Red Hat Bugzilla – Bug 1304423
RabbitMQ fails to start on an IPv6 deployment
Last modified: 2016-04-18 03:01:53 EDT
Description of problem:
# pcs status |grep -A2 rabbit
Clone Set: rabbitmq-clone [rabbitmq]
rabbitmq (ocf::heartbeat:rabbitmq-cluster): FAILED overcloud-controller-0 (unmanaged)
Clone Set: memcached-clone [memcached]
Started: [ overcloud-controller-0 ]
* rabbitmq_stop_0 on overcloud-controller-0 'unknown error' (1): call=882, status=Timed Out, exitreason='none',
last-rc-change='Wed Feb 3 09:38:10 2016', queued=0ms, exec=90004ms
Version-Release number of selected component (if applicable):
director poodle: 2016-01-27.1
core poodle: 2016-02-02.2
100%, both on 1 controller and 3 controllers
Steps to Reproduce:
1. Try installing IPv6 overcloud
This seems to be different from https://bugzilla.redhat.com/show_bug.cgi?id=1301404 as the SELinux error that caused that issue was fixed.
[root@overcloud-controller-0 ~]# ls -ltrhZ /etc/machine-id
-r--r--r--. root root unconfined_u:object_r:machineid_t:s0 /etc/machine-id
I have two dev boxes (1 HA and 1 minimal that has this error and can be triaged).
I think I've seen this. In my case, Rabbit actually started correctly during the deployment, and ran long enough for the post-deployment to complete. Shortly after that, Rabbit failed on all 3 controllers, and wouldn't start again on any of them. I was not able to triage the root cause, and on a redeploy I was not getting the same behavior.
*** Bug 1304422 has been marked as a duplicate of this bug. ***
Ok, this is certainly a new, unknown issue, which wasn't addressed in the recent builds. Looking into this.
This is what I've got so far.
* Networking seems slow. Even ssh login takes several seconds.
* I've tried running rabbitmq-server with systemd (just in case - checking that everything was set up correctrly). It does works.
* Starting rabbitmq with systemd takes a lot of time:
[root@overcloud-controller-2 ~]# time systemctl start rabbitmq-server
24 seconds is too much. This might cause timeout in pacemaker.
* Getting current status with rabbitmqctl takes exactly the same 24 seconds:
[root@overcloud-controller-2 ~]# time rabbitmqctl report
* From rabbitmq logs it seems that opening a tcp6 connection takes it almost 18 seconds:
[root@overcloud-controller-2 ~]# cat /email@example.com
=WARNING REPORT==== 3-Feb-2016::04:30:57 ===
msg_store_persistent: rebuilding indices from scratch
=INFO REPORT==== 3-Feb-2016::04:31:13 ===
started TCP Listener on [FD00:FD00:FD00:2000::15]:5672
After Peter's debugging and Dan's suggestion, the issue turned out to be invalid DNS settings.

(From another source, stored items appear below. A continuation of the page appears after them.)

(* Let $c_2,c_3$ be constants, $\mu(t)=t^2+c_2t+c_3$, and for $n\ge 0$ let $\vartheta_n(t)=(-4)^{-n}(2t+1/2+c_2)_n(-2t+1/2-c_2)_n$. Let $\{P_n\}_{n\ge0}$ be a sequence of monic polynomials in $\mu(t)$, $\deg P_n=n$, satisfying $$\mu(t)P_n=P_{n+1}+\beta_nP_n+\gamma_nP_{n-1}\quad(n\ge 0),\qquad P_{-1}=0,\ P_0=1,$$ and write $P_n=\sum_{k=0}^{n}A_{n,k}\vartheta_k(t)$, so that $A=(A_{n,k})_{n,k\ge0}$ is lower triangular with unit diagonal. Define the numbers $f_n$ by $\mu(t)\vartheta_n(t)=\vartheta_{n+1}(t)+f_n\vartheta_n(t)$, $n\ge0$. Then $$f_n=-\frac{c_2^2}{4}+\frac{(2n+1)^2}{16}+c_3,$$ and $$L\,A=A\,\mathbf{X}^1,\qquad \mathbf{X}^1:=X+\operatorname{diag}\{f_0,f_1,f_2,\ldots\},$$ where $L$ is the infinite tridiagonal matrix with diagonal entries $L_{n,n}=\beta_n$ ($n\ge0$), superdiagonal entries $L_{n,n+1}=1$, subdiagonal entries $L_{n,n-1}=\gamma_n$ ($n\ge1$), all other entries zero, and $X$ is the infinite matrix with $X_{n,n+1}=1$ and all other entries zero.
   Context: Here $(a)_n=a(a+1)\cdots(a+n-1)$, $(a)_0=1$, is the Pochhammer symbol; each $\vartheta_n(t)$ is a monic polynomial of degree $n$ in the variable $\mu(t)$, and $\{\vartheta_n\}$ is a basis of the polynomials in $\mu(t)$. Indices of infinite matrices start at $0$. *)

theory Defs
  imports "HOL-Computational_Algebra.Polynomial"
begin

definition mu_poly :: "'a::field_char_0 \<Rightarrow> 'a \<Rightarrow> 'a poly" where
  "mu_poly c2 c3 = [:c3, c2, 1:]"

definition theta_poly :: "'a::field_char_0 \<Rightarrow> nat \<Rightarrow> 'a poly" where
  "theta_poly c2 n = smult (inverse ((- 4) ^ n))
     (pochhammer [:1/2 + c2, 2:] n * pochhammer [:1/2 - c2, -2:] n)"

text \<open>Product of infinite matrices (indices from 0), summing over the
  (assumed finite) support of the rows of the left factor.\<close>
definition inf_mat_mult ::
  "(nat \<Rightarrow> nat \<Rightarrow> 'a::comm_semiring_1) \<Rightarrow> (nat \<Rightarrow> nat \<Rightarrow> 'a) \<Rightarrow> nat \<Rightarrow> nat \<Rightarrow> 'a" where
  "inf_mat_mult M N i k = (\<Sum>j | M i j \<noteq> 0. M i j * N j k)"

definition L_mat :: "(nat \<Rightarrow> 'a) \<Rightarrow> (nat \<Rightarrow> 'a) \<Rightarrow> nat \<Rightarrow> nat \<Rightarrow> 'a::zero_neq_one" where
  "L_mat \<beta> \<gamma> n j = (if j = Suc n then 1 else if j = n then \<beta> n
                     else if Suc j = n then \<gamma> n else 0)"

definition X_mat :: "nat \<Rightarrow> nat \<Rightarrow> 'a::zero_neq_one" where
  "X_mat n j = (if j = Suc n then 1 else 0)"

definition X1_mat :: "(nat \<Rightarrow> 'a) \<Rightarrow> nat \<Rightarrow> nat \<Rightarrow> 'a::{zero_neq_one,plus}" where
  "X1_mat f n j = X_mat n j + (if j = n then f n else 0)"

end

theory Submission
  imports Defs
begin

text \<open>Both sides of \<open>L A = A X\<^sup>1\<close> have row \<open>i\<close> equal to the coordinates of
  \<open>\<mu> P\<^sub>i\<close> in the basis \<open>\<vartheta>\<^sub>k\<close>: on the left by the three-term recurrence of the
  \<open>P\<^sub>n\<close>, on the right by expanding \<open>P\<^sub>i = \<Sum> A\<^sub>i\<^sub>k \<vartheta>\<^sub>k\<close> and using
  \<open>\<mu> \<vartheta>\<^sub>k = \<vartheta>\<^sub>k\<^sub>+\<^sub>1 + f\<^sub>k \<vartheta>\<^sub>k\<close>. The latter identity holds because
  \<open>\<vartheta>\<^sub>n\<^sub>+\<^sub>1 / \<vartheta>\<^sub>n = -(2t+1/2+c\<^sub>2+n)(-2t+1/2-c\<^sub>2+n)/4\<close> differs from \<open>\<mu>\<close> by the
  constant \<open>f\<^sub>n\<close>. The coordinates are unique since \<open>\<vartheta>\<^sub>k\<close> has degree \<open>2k\<close>.\<close>

definition theta_recur_coeff :: "'a::field_char_0 \<Rightarrow> 'a \<Rightarrow> nat \<Rightarrow> 'a" where
  "theta_recur_coeff c2 c3 n = - (c2 ^ 2) / 4 + (2 * of_nat n + 1) ^ 2 / 16 + c3"

lemma smult_sum_right: "smult c (sum g S) = (\<Sum>k\<in>S. smult c (g k))"
  by (induction S rule: infinite_finite_induct) (auto simp: smult_add_right)

lemma mu_poly_mult_theta_poly:
  fixes c2 c3 :: "'a::field_char_0"
  shows "mu_poly c2 c3 * theta_poly c2 n
           = theta_poly c2 (Suc n) + smult (theta_recur_coeff c2 c3 n) (theta_poly c2 n)"
proof -
  define R where "R = pochhammer [:1/2 + c2, 2:] n * pochhammer [:1/2 - c2, -2:] n"
  define Q where "Q = ([:1/2 + c2, 2:] + of_nat n) * ([:1/2 - c2, -2:] + of_nat n)"
  have mu_eq: "mu_poly c2 c3 = smult (-1/4) Q + [:theta_recur_coeff c2 c3 n:]"
    by (simp add: Q_def mu_poly_def theta_recur_coeff_def of_nat_poly field_simps power2_eq_square)
  have "pochhammer [:1/2 + c2, 2:] (Suc n) * pochhammer [:1/2 - c2, -2:] (Suc n) = Q * R"
    unfolding pochhammer_Suc Q_def R_def by (simp only: mult_ac)
  moreover have "inverse ((- 4) ^ Suc n) = inverse ((- 4) ^ n) * (-1/4 :: 'a)"
    by simp
  ultimately have "theta_poly c2 (Suc n) = smult (inverse ((- 4) ^ n)) (smult (-1/4) Q * R)"
    unfolding theta_poly_def by simp
  moreover have "theta_poly c2 n = smult (inverse ((- 4) ^ n)) R"
    by (simp add: theta_poly_def R_def)
  ultimately show ?thesis
    by (simp add: mu_eq algebra_simps)
qed

lemma theta_poly_monic:
  fixes c2 :: "'a::field_char_0"
  shows "degree (theta_poly c2 n) = 2 * n \<and> lead_coeff (theta_poly c2 n) = 1"
proof (induction n)
  case 0
  then show ?case by (simp add: theta_poly_def)
next
  case (Suc n)
  have mu: "degree (mu_poly c2 0) = 2" "lead_coeff (mu_poly c2 0) = 1" "mu_poly c2 0 \<noteq> 0"
    by (simp_all add: mu_poly_def)
  note IH = Suc.IH[THEN conjunct1] Suc.IH[THEN conjunct2]
  then have "theta_poly c2 n \<noteq> 0"
    by auto
  have deg_top: "degree (mu_poly c2 0 * theta_poly c2 n) = 2 * Suc n"
    using IH mu \<open>theta_poly c2 n \<noteq> 0\<close> by (simp add: degree_mult_eq)
  have lead_top: "lead_coeff (mu_poly c2 0 * theta_poly c2 n) = 1"
    unfolding lead_coeff_mult using IH mu by simp
  have low: "degree (- smult (theta_recur_coeff c2 0 n) (theta_poly c2 n))
               < degree (mu_poly c2 0 * theta_poly c2 n)"
    using IH deg_top by simp
  have step: "theta_poly c2 (Suc n)
          = - smult (theta_recur_coeff c2 0 n) (theta_poly c2 n) + mu_poly c2 0 * theta_poly c2 n"
    using mu_poly_mult_theta_poly[of c2 0 n] by simp
  have "degree (theta_poly c2 (Suc n)) = 2 * Suc n"
    unfolding step degree_add_eq_right[OF low] by (rule deg_top)
  moreover have "lead_coeff (theta_poly c2 (Suc n)) = 1"
    unfolding step lead_coeff_add_le[OF low] by (rule lead_top)
  ultimately show ?case ..
qed

lemma combination_eq_0_imp_coeff_eq_0:
  fixes b :: "nat \<Rightarrow> 'a::idom poly"
  assumes deg: "strict_mono (\<lambda>k. degree (b k))" and nz: "\<And>k. b k \<noteq> 0"
    and sum: "(\<Sum>k\<le>N. smult (a k) (b k)) = 0" and "k \<le> N"
  shows "a k = 0"
  using sum \<open>k \<le> N\<close>
proof (induction N arbitrary: k)
  case 0
  then show ?case using nz by simp
next
  case (Suc N)
  have "coeff (b j) (degree (b (Suc N))) = 0" if "j \<le> N" for j
    using strict_monoD[OF deg, of j "Suc N"] that by (intro coeff_eq_0) simp
  then have "coeff (\<Sum>k\<le>Suc N. smult (a k) (b k)) (degree (b (Suc N)))
               = a (Suc N) * lead_coeff (b (Suc N))"
    by (simp add: coeff_sum)
  with Suc.prems(1) nz have top: "a (Suc N) = 0"
    by simp
  with Suc.prems(1) have "(\<Sum>k\<le>N. smult (a k) (b k)) = 0"
    by simp
  with Suc.IH Suc.prems(2) top show ?case
    by (cases "k = Suc N") auto
qed

lemma theta_poly_coordinates_unique:
  fixes c2 :: "'a::field_char_0"
  assumes "(\<Sum>j\<le>N. smult (a j) (theta_poly c2 j)) = (\<Sum>j\<le>N. smult (b j) (theta_poly c2 j))"
    and "k \<le> N"
  shows "a k = b k"
proof -
  have "strict_mono (\<lambda>j. degree (theta_poly c2 j))"
    by (rule strict_monoI) (simp add: theta_poly_monic)
  moreover have "theta_poly c2 j \<noteq> 0" for j
    using theta_poly_monic[of c2 j] by auto
  moreover have "(\<Sum>j\<le>N. smult (a j - b j) (theta_poly c2 j)) = 0"
    using assms(1) by (simp add: smult_diff_left sum_subtractf)
  ultimately have "a k - b k = 0"
    using assms(2) by (rule combination_eq_0_imp_coeff_eq_0)
  then show ?thesis by simp
qed

lemma mu_poly_mult_theta_combination:
  fixes c2 c3 :: "'a::field_char_0"
  assumes "a (Suc M) = 0"
  shows "mu_poly c2 c3 * (\<Sum>j\<le>M. smult (a j) (theta_poly c2 j))
           = (\<Sum>j\<le>Suc M. smult ((if j = 0 then 0 else a (j - 1)) + a j * theta_recur_coeff c2 c3 j)
                                  (theta_poly c2 j))"
proof -
  have "mu_poly c2 c3 * (\<Sum>j\<le>M. smult (a j) (theta_poly c2 j))
          = (\<Sum>j\<le>M. smult (a j) (theta_poly c2 (Suc j)))
            + (\<Sum>j\<le>M. smult (a j * theta_recur_coeff c2 c3 j) (theta_poly c2 j))"
    by (simp add: sum_distrib_left mu_poly_mult_theta_poly smult_add_right sum.distrib)
  also have "(\<Sum>j\<le>M. smult (a j) (theta_poly c2 (Suc j)))
               = (\<Sum>j\<le>Suc M. smult (if j = 0 then 0 else a (j - 1)) (theta_poly c2 j))"
    by (subst sum.atMost_Suc_shift) simp
  also have "(\<Sum>j\<le>M. smult (a j * theta_recur_coeff c2 c3 j) (theta_poly c2 j))
               = (\<Sum>j\<le>Suc M. smult (a j * theta_recur_coeff c2 c3 j) (theta_poly c2 j))"
    using assms by simp
  finally show ?thesis
    by (simp add: sum.distrib smult_add_left)
qed

lemma inf_mat_mult_L_mat:
  fixes \<beta> \<gamma> :: "nat \<Rightarrow> 'a::comm_ring_1"
  shows "inf_mat_mult (L_mat \<beta> \<gamma>) B i k
           = B (Suc i) k + \<beta> i * B i k + (if i = 0 then 0 else \<gamma> i * B (i - 1) k)"
proof -
  define T where "T = (if i = 0 then {Suc i, i} else {Suc i, i, i - 1})"
  have "{j. L_mat \<beta> \<gamma> i j \<noteq> 0} \<subseteq> T"
    by (auto simp: T_def L_mat_def split: if_splits)
  then have "inf_mat_mult (L_mat \<beta> \<gamma>) B i k = (\<Sum>j\<in>T. L_mat \<beta> \<gamma> i j * B j k)"
    unfolding inf_mat_mult_def by (intro sum.mono_neutral_left) (auto simp: T_def)
  also have "\<dots> = B (Suc i) k + \<beta> i * B i k + (if i = 0 then 0 else \<gamma> i * B (i - 1) k)"
    by (cases i) (auto simp: T_def L_mat_def)
  finally show ?thesis .
qed

lemma inf_mat_mult_X1_mat:
  fixes A :: "nat \<Rightarrow> nat \<Rightarrow> 'a::comm_ring_1"
  assumes row_support: "\<And>j. M < j \<Longrightarrow> A i j = 0" and "k \<le> M"
  shows "inf_mat_mult A (X1_mat f) i k = (if k = 0 then 0 else A i (k - 1)) + A i k * f k"
proof -
  have "{j. A i j \<noteq> 0} \<subseteq> {..M}"
    using row_support by (auto simp: not_le[symmetric])
  then have "inf_mat_mult A (X1_mat f) i k = (\<Sum>j\<le>M. A i j * X1_mat f j k)"
    unfolding inf_mat_mult_def by (intro sum.mono_neutral_left) auto
  also have "\<dots> = (\<Sum>j\<le>M. (if Suc j = k then A i j else 0) + (if j = k then A i j * f j else 0))"
    by (intro sum.cong) (auto simp: X1_mat_def X_mat_def)
  also have "\<dots> = (\<Sum>j\<le>M. if Suc j = k then A i j else 0) + (\<Sum>j\<le>M. if j = k then A i j * f j else 0)"
    by (rule sum.distrib)
  also have "\<dots> = (if k = 0 then 0 else A i (k - 1)) + A i k * f k"
    using \<open>k \<le> M\<close> by (cases k) (simp_all add: sum.delta')
  finally show ?thesis .
qed

lemma L_mat_mult_eq_mult_X1_mat:
  fixes c2 c3 :: "'a::field_char_0"
  assumes rec0: "mu_poly c2 c3 * P 0 = P 1 + smult (\<beta> 0) (P 0)"
    and rec: "\<And>n. n \<ge> 1 \<Longrightarrow>
               mu_poly c2 c3 * P n = P (Suc n) + smult (\<beta> n) (P n) + smult (\<gamma> n) (P (n - 1))"
    and A_lower: "\<And>n k. n < k \<Longrightarrow> A n k = 0"
    and A_expand: "\<And>n. P n = (\<Sum>k\<le>n. smult (A n k) (theta_poly c2 k))"
  shows "inf_mat_mult (L_mat \<beta> \<gamma>) A = inf_mat_mult A (X1_mat (theta_recur_coeff c2 c3))"
proof (intro ext)
  fix i k :: nat
  let ?\<theta> = "theta_poly c2" and ?f = "theta_recur_coeff c2 c3"
  define M where "M = i + k"
  have expand: "P n = (\<Sum>j\<le>M'. smult (A n j) (?\<theta> j))" if "n \<le> M'" for n M'
    unfolding A_expand[of n] using that A_lower by (intro sum.mono_neutral_left) auto
  define \<gamma>' where "\<gamma>' n = (if n = 0 then 0 else \<gamma> n)" for n
  have "mu_poly c2 c3 * P i = P (Suc i) + smult (\<beta> i) (P i) + smult (\<gamma>' i) (P (i - 1))"
    using rec0 rec[of i] by (cases "i = 0") (simp_all add: \<gamma>'_def)
  also have "\<dots> = (\<Sum>j\<le>Suc M. smult (A (Suc i) j + \<beta> i * A i j + \<gamma>' i * A (i - 1) j) (?\<theta> j))"
    by (simp add: expand[of _ "Suc M"] M_def smult_sum_right sum.distrib smult_add_left
             del: sum.atMost_Suc)
  finally have by_recurrence: "mu_poly c2 c3 * P i = \<dots>" .
  have by_expansion: "mu_poly c2 c3 * P i
      = (\<Sum>j\<le>Suc M. smult ((if j = 0 then 0 else A i (j - 1)) + A i j * ?f j) (?\<theta> j))"
    unfolding expand[of i M, OF le_add1[of i k, folded M_def]]
    by (rule mu_poly_mult_theta_combination) (simp add: A_lower M_def)
  have "(if k = 0 then 0 else A i (k - 1)) + A i k * ?f k
          = A (Suc i) k + \<beta> i * A i k + \<gamma>' i * A (i - 1) k"
    by (rule theta_poly_coordinates_unique[OF trans[OF by_expansion[symmetric] by_recurrence]])
      (simp add: M_def)
  moreover have "inf_mat_mult A (X1_mat ?f) i k = (if k = 0 then 0 else A i (k - 1)) + A i k * ?f k"
    by (rule inf_mat_mult_X1_mat[where M = M]) (simp_all add: A_lower M_def)
  ultimately show "inf_mat_mult (L_mat \<beta> \<gamma>) A i k = inf_mat_mult A (X1_mat ?f) i k"
    by (simp add: inf_mat_mult_L_mat \<gamma>'_def)
qed

theorem lemma2p1:
  fixes c2 c3 :: "'a::field_char_0"
    and P :: "nat \<Rightarrow> 'a poly"
    and \<beta> \<gamma> :: "nat \<Rightarrow> 'a"
    and A :: "nat \<Rightarrow> nat \<Rightarrow> 'a"
  assumes monic_in_mu: "\<And>n. \<exists>Q. degree Q = n \<and> lead_coeff Q = 1 \<and>
                                 P n = pcompose Q (mu_poly c2 c3)"
    and P0: "P 0 = 1"
    and rec0: "mu_poly c2 c3 * P 0 = P 1 + smult (\<beta> 0) (P 0)"
    and rec: "\<And>n. n \<ge> 1 \<Longrightarrow>
               mu_poly c2 c3 * P n = P (Suc n) + smult (\<beta> n) (P n) + smult (\<gamma> n) (P (n - 1))"
    and A_lower: "\<And>n k. n < k \<Longrightarrow> A n k = 0"
    and A_expand: "\<And>n. P n = (\<Sum>k\<le>n. smult (A n k) (theta_poly c2 k))"
  shows "(\<forall>n. mu_poly c2 c3 * theta_poly c2 n
              = theta_poly c2 (Suc n)
                + smult (- (c2 ^ 2) / 4 + (2 * of_nat n + 1) ^ 2 / 16 + c3) (theta_poly c2 n))
       \<and> inf_mat_mult (L_mat \<beta> \<gamma>) A
         = inf_mat_mult A (X1_mat (\<lambda>n. - (c2 ^ 2) / 4 + (2 * of_nat n + 1) ^ 2 / 16 + c3))"
  using mu_poly_mult_theta_poly L_mat_mult_eq_mult_X1_mat[OF rec0 rec A_lower A_expand]
  unfolding theta_recur_coeff_def[abs_def] by blast

end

I was deploying with 18.104.22.168/22.214.171.124 since the beginning of the IPv6 testing and it caused no problems until recently. It seems that it's filtered out on the internal network, so name resolution on the overcloud nodes was broken and resulted in very slow binding for every service.
As it now was the source of a weird and hard to debug issue, we should consider adding a validation step to check for working DNS before we deploy rabbit on the overcloud. I'll open a bug for that.
Closing this bug. Thanks for the help with debugging.